「欧米に留学したいけど高すぎる…」→値段だけじゃない、日本人が《マレーシア》を目指す"納得の理由" 現地で見えた「コスパ留学」の正体とは
留学といえばアメリカかイギリス――。そんな長年の常識が変わろうとしています。
背景にあるのは、もはや無視できないレベルに達した留学の三重苦です。
歴史的な円安、欧米諸国の容赦ない物価高、そして年間500万円を超えることも珍しくない授業料の高騰。かつては中産階級が少しの無理で届いた英語圏への学位留学が、今や一部の富裕層にしか許されない“高嶺の花”へと変貌してしまいました。
そんな中、教育の質を落とさずにこの壁を突破しようとする学生や親の視線が、ある国に注がれています。
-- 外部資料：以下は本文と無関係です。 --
(* Let $E$ be finite, $\Omega=E^{\mathbb{Z}}$ with left shift $S$, fix $\mathtt a\in E$ and let $\mathbf a$ be the all-$\mathtt a$ configuration. Let $\phi\in C(\Omega)$ have the extensibility property, let $\gamma^\phi$ be the associated Gibbsian specification $\gamma^\phi_\Lambda(\omega_\Lambda|\omega_{\Lambda^c})=\big(\sum_{\xi_\Lambda\in E^\Lambda}e^{\rho^\phi(\xi_\Lambda\omega_{\mathbb{Z}\setminus\Lambda},\omega)}\big)^{-1}$, and let $\phi_{\gamma^\phi}(\omega)=\log\frac{\gamma^\phi_{\{0\}}(\omega_0|\mathbf a_{-\infty}^{-1}\omega_1^\infty)}{\gamma^\phi_{\{0\}}(\mathtt a|\mathbf a_{-\infty}^{-1}\omega_1^\infty)}$. Then $\phi_{\gamma^\phi}$ is weakly cohomologous to $\phi$: there exists $C\in\mathbb{R}$ such that for every shift-invariant Borel probability measure $\tau$ on $\Omega$, $$\int_\Omega\phi_{\gamma^\phi}\,d\tau=\int_\Omega\phi\,d\tau+C.$$
   Context: $E$ finite, discrete; $\Omega=E^{\mathbb{Z}}$ with product topology; $(S\omega)_i=\omega_{i+1}$. For $\omega\in\Omega$, $a\in E$, $\omega^a$ equals $a$ at $0$ and $\omega_k$ at $k\neq0$. A continuous $\phi$ has the extensibility property if for all $a,\tilde a\in E$, $\sum_{i=-n}^{n}[\phi(S^i\omega^a)-\phi(S^i\omega^{\tilde a})]$ converges uniformly in $\omega$; then $\rho^\phi(\xi,\eta)=\lim_{n}\sum_{i=-n}^n[\phi(S^i\xi)-\phi(S^i\eta)]$ exists for all $\xi,\eta$ differing at finitely many sites, and $\gamma^\phi$ above is a translation-invariant Gibbsian specification. $\xi_\Lambda\omega_{\mathbb{Z}\setminus\Lambda}$ equals $\xi$ on $\Lambda$ and $\omega$ elsewhere; $\mathbf a_{-\infty}^{-1}\omega_1^\infty$ is the boundary condition equal to $\mathtt a$ on negative sites and $\omega_k$ on sites $k\ge1$ (so $\phi_{\gamma^\phi}$ depends only on $\omega_0,\omega_1,\dots$). *)

theory Defs
  imports "HOL-Analysis.Analysis" "HOL-Probability.Probability"
begin

text \<open>Configurations are functions int \<Rightarrow> 'e, with the product topology
(from Function_Topology); 'e is finite with the discrete topology.\<close>

definition shiftp :: "int \<Rightarrow> (int \<Rightarrow> 'e) \<Rightarrow> (int \<Rightarrow> 'e)" where
  "shiftp i w = (\<lambda>k. w (k + i))"

definition shift :: "(int \<Rightarrow> 'e) \<Rightarrow> (int \<Rightarrow> 'e)" where
  "shift w = (\<lambda>k. w (k + 1))"

definition psum :: "((int \<Rightarrow> 'e) \<Rightarrow> real) \<Rightarrow> (int \<Rightarrow> 'e) \<Rightarrow> (int \<Rightarrow> 'e) \<Rightarrow> nat \<Rightarrow> real" where
  "psum \<phi> \<xi> \<eta> n = (\<Sum>i\<in>{- int n..int n}. \<phi> (shiftp i \<xi>) - \<phi> (shiftp i \<eta>))"

definition extensible :: "((int \<Rightarrow> 'e::topological_space) \<Rightarrow> real) \<Rightarrow> bool" where
  "extensible \<phi> \<longleftrightarrow> continuous_on UNIV \<phi> \<and>
     (\<forall>a a'. \<exists>g. uniform_limit UNIV (\<lambda>n w. psum \<phi> (w(0 := a)) (w(0 := a')) n) g sequentially)"

definition rho :: "((int \<Rightarrow> 'e) \<Rightarrow> real) \<Rightarrow> (int \<Rightarrow> 'e) \<Rightarrow> (int \<Rightarrow> 'e) \<Rightarrow> real" where
  "rho \<phi> \<xi> \<eta> = lim (psum \<phi> \<xi> \<eta>)"

definition gibbs_spec :: "((int \<Rightarrow> 'e::finite) \<Rightarrow> real) \<Rightarrow> int set \<Rightarrow> (int \<Rightarrow> 'e) \<Rightarrow> real" where
  "gibbs_spec \<phi> \<Lambda> w =
     inverse (\<Sum>\<xi>\<in>PiE \<Lambda> (\<lambda>_. UNIV). exp (rho \<phi> (\<lambda>k. if k \<in> \<Lambda> then \<xi> k else w k) w))"

definition bdry :: "'e \<Rightarrow> (int \<Rightarrow> 'e) \<Rightarrow> (int \<Rightarrow> 'e)" where
  "bdry a w = (\<lambda>k. if k < 0 then a else w k)"

definition phi_gamma :: "((int \<Rightarrow> 'e::finite) \<Rightarrow> real) \<Rightarrow> 'e \<Rightarrow> (int \<Rightarrow> 'e) \<Rightarrow> real" where
  "phi_gamma \<phi> a w =
     ln (gibbs_spec \<phi> {0} (bdry a w) / gibbs_spec \<phi> {0} ((bdry a w)(0 := a)))"

end

theory Submission
  imports Defs
begin

text \<open>
  Write \<open>x\<^sub>w = bdry a w\<close> and \<open>F i w = \<phi> (S\<^sup>i x\<^sub>w)\<close>.  By the cocycle law of \<open>\<rho>\<close>, the
  ratio of the two one-site specifications defining \<open>phi_gamma\<close> is \<open>exp \<rho>(x\<^sub>w, x\<^sub>w(0 := a))\<close>,
  so \<open>phi_gamma\<close> is the limit of the symmetric partial sums of
  \<open>\<phi> (S\<^sup>i x\<^sub>w) - \<phi> (S\<^sup>i (x\<^sub>w(0 := a)))\<close>, uniformly in \<open>w\<close> by extensibility.  Since
  \<open>x\<^sub>w(0 := a) = S\<^sup>-\<^sup>1 x\<^bsub>S w\<^esub>\<close>, the \<open>n\<close>-th partial sum is the sum of
  \<open>F i w - F (i - 1) (S w)\<close> over \<open>-n \<le> i \<le> n\<close>, and its integral against a shift-invariant
  \<open>\<tau>\<close> telescopes to \<open>\<integral>F n - \<integral>F (-n-1)\<close>.  As \<open>\<phi>\<close> is uniformly continuous on the compact
  configuration space, \<open>F n\<close> is uniformly close to \<open>\<phi> \<circ> S\<^sup>n\<close>, whose integral is \<open>\<integral>\<phi>\<close>, and
  \<open>F (-n-1)\<close> to the constant \<open>\<phi> (\<lambda>_. a)\<close>; hence \<open>C = - \<phi> (\<lambda>_. a)\<close>.
\<close>

lemma continuous_on_shiftp: "continuous_on UNIV (shiftp i :: (int \<Rightarrow> 'e::topological_space) \<Rightarrow> _)"
  unfolding shiftp_def by (intro continuous_on_coordinatewise_then_product) simp

lemma continuous_on_shift: "continuous_on UNIV (shift :: (int \<Rightarrow> 'e::topological_space) \<Rightarrow> _)"
  unfolding shift_def by (intro continuous_on_coordinatewise_then_product) simp

lemma continuous_on_bdry: "continuous_on UNIV (bdry a :: (int \<Rightarrow> 'e::topological_space) \<Rightarrow> _)"
  unfolding bdry_def
proof (intro continuous_on_coordinatewise_then_product)
  show "continuous_on UNIV (\<lambda>w::int \<Rightarrow> 'e. if i < 0 then a else w i)" for i
    by (cases "i < 0") auto
qed

lemma continuous_on_fun_upd: "continuous_on UNIV (\<lambda>w::'i \<Rightarrow> 'e::topological_space. w(j := b))"
proof (intro continuous_on_coordinatewise_then_product)
  show "continuous_on UNIV (\<lambda>w::'i \<Rightarrow> 'e. (w(j := b)) i)" for i
    by (cases "i = j") auto
qed

lemma continuous_on_comp_shiftp:
  assumes "continuous_on UNIV \<phi>" "continuous_on UNIV X"
  shows "continuous_on UNIV (\<lambda>w. \<phi> (shiftp i (X w)))"
  using continuous_on_compose2[OF assms(1) continuous_on_compose2[OF continuous_on_shiftp assms(2)]]
  by simp

lemma continuous_on_psum:
  fixes \<phi> :: "(int \<Rightarrow> 'e::topological_space) \<Rightarrow> real"
  assumes "continuous_on UNIV \<phi>" "continuous_on UNIV X" "continuous_on UNIV Y"
  shows "continuous_on UNIV (\<lambda>w. psum \<phi> (X w) (Y w) n)"
  unfolding psum_def by (intro continuous_on_sum continuous_on_diff continuous_on_comp_shiftp assms)

lemma compact_UNIV_fun: "compact (UNIV :: ('i \<Rightarrow> 'e::{finite,topological_space}) set)"
proof -
  have "compact_space (product_topology (\<lambda>i::'i. (euclidean :: 'e topology)) UNIV)"
    unfolding compact_space_product_topology
    by (simp add: compact_space_def compactin_euclidean_iff finite_imp_compact)
  then show ?thesis
    by (simp add: euclidean_product_topology compact_space_def compactin_euclidean_iff)
qed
それは東南アジアの教育大国、マレーシアです。
「え、マレーシアで大学留学?」と首をかしげる方も中にはいるかもしれません。しかし、「一般社団法人海外留学協議会(JAOS)による日本人留学生数調査 2024」によれば、海外への学部留学を目指す留学者数の中でマレーシアは、アメリカ、オーストラリアに次いで第3位(全体の15%)にランクインしているのです。
なぜ今、マレーシアなのでしょうか。筆者は昨年12月、現地の主要大学を視察しました。そこで見えてきたのは、単なる安さではない、極めて戦略的で合理的な学位取得のプラットフォームとしての姿でした。
英国の名門学位を戦略的に手に入れる
クアラルンプール市内から車で約1時間。
緑豊かなセランゴール州セメニィに位置するノッティンガム大学マレーシア校(UNM)のキャンパスに足を踏み入れると、そこが東南アジアであることを一瞬忘れてしまいます。